lemma nn_integral_joint_Fubini:
  assumes "sigma_finite_measure MT" and "sigma_finite_measure MY"
    and model: "is_model MT MY prior obs"
    and [measurable]: "(\<lambda>(\<theta>, y). R \<theta> y) \<in> borel_measurable (MT \<Otimes>\<^sub>M MY)"
  shows "(\<integral>\<^sup>+y. (\<integral>\<^sup>+\<theta>. ennreal (obs y \<theta> * prior \<theta> * R \<theta> y) \<partial>MT) \<partial>MY)
       = (\<integral>\<^sup>+\<theta>. ennreal (prior \<theta>) * (\<integral>\<^sup>+y. ennreal (obs y \<theta> * R \<theta> y) \<partial>MY) \<partial>MT)"
proof -
  interpret pair_sigma_finite MY MT
    using assms(1,2) by (simp add: pair_sigma_finite_def)
  have [measurable]: "prior \<in> borel_measurable MT"
    "(\<lambda>(y, \<theta>). obs y \<theta>) \<in> borel_measurable (MY \<Otimes>\<^sub>M MT)"
    and prior_nonneg: "\<And>\<theta>. \<theta> \<in> space MT \<Longrightarrow> 0 \<le> prior \<theta>"
    using model by (auto simp: is_model_def)
  have "(\<integral>\<^sup>+y. (\<integral>\<^sup>+\<theta>. ennreal (obs y \<theta> * prior \<theta> * R \<theta> y) \<partial>MT) \<partial>MY)
      = (\<integral>\<^sup>+\<theta>. (\<integral>\<^sup>+y. ennreal (prior \<theta>) * ennreal (obs y \<theta> * R \<theta> y) \<partial>MY) \<partial>MT)"
    by (subst Fubini') (auto intro!: nn_integral_cong simp: prior_nonneg ennreal_mult' mult_ac)
  also have "\<dots> = (\<integral>\<^sup>+\<theta>. ennreal (prior \<theta>) * (\<integral>\<^sup>+y. ennreal (obs y \<theta> * R \<theta> y) \<partial>MY) \<partial>MT)"
    by (intro nn_integral_cong nn_integral_cmult) measurable
  finally show ?thesis .
qed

_ _ _ _ _ _ _

Exercise details →
Scan the material for lines with the word "auto", and copy each line you find.

Answer to the exercise →
    using model by (auto simp: is_model_def)
    by (subst Fubini') (auto intro!: nn_integral_cong simp: prior_nonneg ennreal_mult' mult_ac)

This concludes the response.